*** Entries supplied ***

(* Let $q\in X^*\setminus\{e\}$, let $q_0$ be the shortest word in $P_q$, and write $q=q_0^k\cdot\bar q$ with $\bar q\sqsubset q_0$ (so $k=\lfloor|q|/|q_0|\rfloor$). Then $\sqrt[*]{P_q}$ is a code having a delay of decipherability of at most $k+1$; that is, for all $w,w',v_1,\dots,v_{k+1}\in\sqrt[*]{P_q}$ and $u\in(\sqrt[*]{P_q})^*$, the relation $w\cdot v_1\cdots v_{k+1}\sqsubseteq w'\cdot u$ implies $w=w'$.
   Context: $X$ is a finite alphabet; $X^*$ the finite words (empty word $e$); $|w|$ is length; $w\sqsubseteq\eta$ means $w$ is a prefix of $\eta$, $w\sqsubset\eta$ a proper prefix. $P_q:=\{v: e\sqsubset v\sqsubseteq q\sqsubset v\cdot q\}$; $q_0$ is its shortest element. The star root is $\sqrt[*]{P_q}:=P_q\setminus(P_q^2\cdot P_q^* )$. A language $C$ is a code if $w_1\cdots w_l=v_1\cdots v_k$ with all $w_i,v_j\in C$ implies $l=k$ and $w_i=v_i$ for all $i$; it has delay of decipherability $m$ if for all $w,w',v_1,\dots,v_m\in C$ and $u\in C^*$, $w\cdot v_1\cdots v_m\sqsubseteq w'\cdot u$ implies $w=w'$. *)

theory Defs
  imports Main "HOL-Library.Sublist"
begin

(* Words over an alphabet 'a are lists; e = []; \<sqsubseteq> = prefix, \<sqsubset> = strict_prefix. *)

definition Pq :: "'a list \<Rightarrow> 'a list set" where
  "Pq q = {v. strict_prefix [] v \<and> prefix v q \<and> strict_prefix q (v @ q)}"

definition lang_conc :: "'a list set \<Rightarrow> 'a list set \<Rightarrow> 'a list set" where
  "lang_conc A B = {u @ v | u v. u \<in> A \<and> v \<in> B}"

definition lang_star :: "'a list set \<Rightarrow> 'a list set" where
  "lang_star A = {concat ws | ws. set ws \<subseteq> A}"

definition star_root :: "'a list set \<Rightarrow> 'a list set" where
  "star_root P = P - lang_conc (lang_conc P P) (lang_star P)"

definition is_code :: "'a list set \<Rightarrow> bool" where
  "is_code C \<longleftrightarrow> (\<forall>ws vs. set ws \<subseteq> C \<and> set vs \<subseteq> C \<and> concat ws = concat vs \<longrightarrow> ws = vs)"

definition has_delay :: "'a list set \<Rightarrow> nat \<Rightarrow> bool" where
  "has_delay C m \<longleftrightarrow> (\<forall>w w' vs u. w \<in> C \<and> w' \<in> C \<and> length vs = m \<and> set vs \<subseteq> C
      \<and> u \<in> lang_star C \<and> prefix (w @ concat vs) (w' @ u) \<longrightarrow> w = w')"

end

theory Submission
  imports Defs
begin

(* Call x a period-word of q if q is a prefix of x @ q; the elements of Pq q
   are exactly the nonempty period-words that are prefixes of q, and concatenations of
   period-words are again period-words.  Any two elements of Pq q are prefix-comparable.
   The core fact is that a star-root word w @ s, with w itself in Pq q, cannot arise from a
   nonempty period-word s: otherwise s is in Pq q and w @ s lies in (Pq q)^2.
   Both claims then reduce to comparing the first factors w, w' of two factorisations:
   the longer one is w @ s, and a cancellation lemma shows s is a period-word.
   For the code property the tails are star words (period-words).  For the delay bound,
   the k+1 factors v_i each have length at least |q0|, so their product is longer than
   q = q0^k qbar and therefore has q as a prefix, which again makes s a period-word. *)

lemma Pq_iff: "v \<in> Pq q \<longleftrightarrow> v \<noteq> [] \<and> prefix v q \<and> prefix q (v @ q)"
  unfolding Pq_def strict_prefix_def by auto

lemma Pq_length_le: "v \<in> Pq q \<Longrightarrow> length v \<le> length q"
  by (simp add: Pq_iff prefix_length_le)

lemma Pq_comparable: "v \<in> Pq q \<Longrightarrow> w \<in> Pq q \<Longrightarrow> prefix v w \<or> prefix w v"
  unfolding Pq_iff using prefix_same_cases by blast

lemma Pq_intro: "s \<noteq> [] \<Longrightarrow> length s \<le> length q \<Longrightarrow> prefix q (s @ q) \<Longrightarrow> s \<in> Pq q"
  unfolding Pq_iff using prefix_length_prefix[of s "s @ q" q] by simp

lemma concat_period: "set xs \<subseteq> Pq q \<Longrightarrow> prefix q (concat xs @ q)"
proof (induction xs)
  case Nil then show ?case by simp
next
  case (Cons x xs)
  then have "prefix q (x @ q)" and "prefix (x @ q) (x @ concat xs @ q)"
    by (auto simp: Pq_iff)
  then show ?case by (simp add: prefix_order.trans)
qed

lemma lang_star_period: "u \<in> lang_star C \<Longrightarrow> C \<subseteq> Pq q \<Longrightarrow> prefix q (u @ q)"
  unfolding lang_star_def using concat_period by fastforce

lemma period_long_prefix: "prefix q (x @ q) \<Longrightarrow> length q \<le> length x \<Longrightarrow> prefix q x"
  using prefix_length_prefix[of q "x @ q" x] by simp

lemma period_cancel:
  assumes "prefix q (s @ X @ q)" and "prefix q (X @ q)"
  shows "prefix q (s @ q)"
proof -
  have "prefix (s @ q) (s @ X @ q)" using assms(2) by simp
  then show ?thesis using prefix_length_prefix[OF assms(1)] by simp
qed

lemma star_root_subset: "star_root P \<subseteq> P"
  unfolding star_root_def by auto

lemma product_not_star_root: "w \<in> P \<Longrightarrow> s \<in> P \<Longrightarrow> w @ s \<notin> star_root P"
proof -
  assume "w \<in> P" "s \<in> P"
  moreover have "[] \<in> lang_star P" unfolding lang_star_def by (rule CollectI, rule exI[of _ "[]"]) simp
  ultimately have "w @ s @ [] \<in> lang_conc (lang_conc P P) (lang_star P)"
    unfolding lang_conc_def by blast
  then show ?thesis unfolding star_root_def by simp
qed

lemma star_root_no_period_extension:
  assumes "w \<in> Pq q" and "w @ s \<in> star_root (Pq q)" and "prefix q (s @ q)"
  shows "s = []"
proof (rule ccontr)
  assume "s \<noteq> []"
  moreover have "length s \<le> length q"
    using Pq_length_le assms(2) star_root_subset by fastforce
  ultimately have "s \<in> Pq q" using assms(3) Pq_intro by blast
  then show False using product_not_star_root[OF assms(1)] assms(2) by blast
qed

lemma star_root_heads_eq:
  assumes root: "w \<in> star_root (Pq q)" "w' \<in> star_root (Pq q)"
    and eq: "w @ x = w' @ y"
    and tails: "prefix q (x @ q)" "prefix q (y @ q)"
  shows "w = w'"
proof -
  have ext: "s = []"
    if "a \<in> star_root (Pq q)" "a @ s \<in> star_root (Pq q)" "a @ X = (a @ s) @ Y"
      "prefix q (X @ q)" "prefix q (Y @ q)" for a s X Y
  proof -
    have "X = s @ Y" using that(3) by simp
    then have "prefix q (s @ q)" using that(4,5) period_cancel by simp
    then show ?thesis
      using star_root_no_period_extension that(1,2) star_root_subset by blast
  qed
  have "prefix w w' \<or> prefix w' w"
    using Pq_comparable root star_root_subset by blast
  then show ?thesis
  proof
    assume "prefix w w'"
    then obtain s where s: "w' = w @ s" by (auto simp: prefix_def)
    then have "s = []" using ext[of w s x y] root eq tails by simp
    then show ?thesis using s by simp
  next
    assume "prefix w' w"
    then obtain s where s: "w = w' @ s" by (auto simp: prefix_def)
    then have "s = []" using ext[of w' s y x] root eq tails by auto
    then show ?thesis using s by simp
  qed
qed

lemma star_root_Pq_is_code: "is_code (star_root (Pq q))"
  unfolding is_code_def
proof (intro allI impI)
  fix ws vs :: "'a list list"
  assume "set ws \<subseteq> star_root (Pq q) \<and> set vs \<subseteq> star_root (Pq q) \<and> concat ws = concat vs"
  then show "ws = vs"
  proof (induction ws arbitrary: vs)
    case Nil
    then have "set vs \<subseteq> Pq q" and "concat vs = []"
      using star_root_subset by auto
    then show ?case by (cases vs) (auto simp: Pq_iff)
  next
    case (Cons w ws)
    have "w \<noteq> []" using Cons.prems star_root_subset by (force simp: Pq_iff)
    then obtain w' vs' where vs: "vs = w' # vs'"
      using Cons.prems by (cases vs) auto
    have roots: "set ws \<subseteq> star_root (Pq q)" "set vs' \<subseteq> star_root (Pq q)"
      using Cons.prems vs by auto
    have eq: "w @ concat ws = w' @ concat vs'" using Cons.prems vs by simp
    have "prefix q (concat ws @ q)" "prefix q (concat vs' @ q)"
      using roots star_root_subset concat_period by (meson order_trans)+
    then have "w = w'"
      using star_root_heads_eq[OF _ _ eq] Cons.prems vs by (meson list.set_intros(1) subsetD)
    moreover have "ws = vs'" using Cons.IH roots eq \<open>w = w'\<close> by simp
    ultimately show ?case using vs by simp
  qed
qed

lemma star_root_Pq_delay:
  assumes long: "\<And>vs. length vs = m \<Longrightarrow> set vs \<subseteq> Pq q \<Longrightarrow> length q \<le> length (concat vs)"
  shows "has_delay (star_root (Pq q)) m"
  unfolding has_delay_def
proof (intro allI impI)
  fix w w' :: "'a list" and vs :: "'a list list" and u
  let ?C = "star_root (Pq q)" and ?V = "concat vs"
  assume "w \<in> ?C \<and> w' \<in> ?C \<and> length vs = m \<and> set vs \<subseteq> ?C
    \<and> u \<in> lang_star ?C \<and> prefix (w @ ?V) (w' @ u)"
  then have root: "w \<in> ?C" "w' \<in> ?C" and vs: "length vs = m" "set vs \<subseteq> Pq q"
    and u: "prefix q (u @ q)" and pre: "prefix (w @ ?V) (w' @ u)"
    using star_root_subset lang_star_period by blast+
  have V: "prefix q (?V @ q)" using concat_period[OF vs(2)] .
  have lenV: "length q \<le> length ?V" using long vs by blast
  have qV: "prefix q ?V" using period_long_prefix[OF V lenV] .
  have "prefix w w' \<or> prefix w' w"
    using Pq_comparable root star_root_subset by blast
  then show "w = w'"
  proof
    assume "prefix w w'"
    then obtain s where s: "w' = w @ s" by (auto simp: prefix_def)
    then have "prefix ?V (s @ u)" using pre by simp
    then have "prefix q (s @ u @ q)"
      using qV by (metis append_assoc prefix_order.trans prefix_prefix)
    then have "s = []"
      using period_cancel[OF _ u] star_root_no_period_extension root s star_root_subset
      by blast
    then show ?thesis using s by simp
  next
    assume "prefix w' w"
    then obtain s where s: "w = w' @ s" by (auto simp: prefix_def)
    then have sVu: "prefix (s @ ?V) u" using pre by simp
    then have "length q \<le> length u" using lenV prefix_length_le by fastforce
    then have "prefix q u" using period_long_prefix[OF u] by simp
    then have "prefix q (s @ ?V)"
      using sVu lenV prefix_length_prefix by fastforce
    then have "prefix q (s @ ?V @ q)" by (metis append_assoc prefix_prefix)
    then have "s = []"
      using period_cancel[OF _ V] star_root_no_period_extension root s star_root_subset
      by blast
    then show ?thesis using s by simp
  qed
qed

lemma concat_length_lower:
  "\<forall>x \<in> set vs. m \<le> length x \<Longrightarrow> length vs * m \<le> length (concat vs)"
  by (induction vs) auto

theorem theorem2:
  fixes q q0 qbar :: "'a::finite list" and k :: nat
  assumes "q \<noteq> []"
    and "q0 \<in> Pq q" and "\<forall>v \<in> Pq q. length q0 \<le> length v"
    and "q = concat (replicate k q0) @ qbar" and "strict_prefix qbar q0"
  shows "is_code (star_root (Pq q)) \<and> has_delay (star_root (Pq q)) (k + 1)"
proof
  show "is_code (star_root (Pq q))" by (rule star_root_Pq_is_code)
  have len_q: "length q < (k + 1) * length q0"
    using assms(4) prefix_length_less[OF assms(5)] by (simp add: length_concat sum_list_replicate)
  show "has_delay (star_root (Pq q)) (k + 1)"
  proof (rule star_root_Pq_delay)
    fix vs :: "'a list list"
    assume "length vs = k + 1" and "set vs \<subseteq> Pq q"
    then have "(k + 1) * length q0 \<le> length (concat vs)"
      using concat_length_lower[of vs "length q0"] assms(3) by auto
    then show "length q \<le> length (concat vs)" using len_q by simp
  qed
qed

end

*** End of Entries supplied ***

**Exercise prompt:**
Would you print exactly, and only, the lines of the data above from the line with "q \<Longrightarrow> w" through the line with "proof (induction xs)", inclusive?

**Written answer:**
lemma Pq_comparable: "v \<in> Pq q \<Longrightarrow> w \<in> Pq q \<Longrightarrow> prefix v w \<or> prefix w v"
  unfolding Pq_iff using prefix_same_cases by blast

lemma Pq_intro: "s \<noteq> [] \<Longrightarrow> length s \<le> length q \<Longrightarrow> prefix q (s @ q) \<Longrightarrow> s \<in> Pq q"
  unfolding Pq_iff using prefix_length_prefix[of s "s @ q" q] by simp

lemma concat_period: "set xs \<subseteq> Pq q \<Longrightarrow> prefix q (concat xs @ q)"
proof (induction xs)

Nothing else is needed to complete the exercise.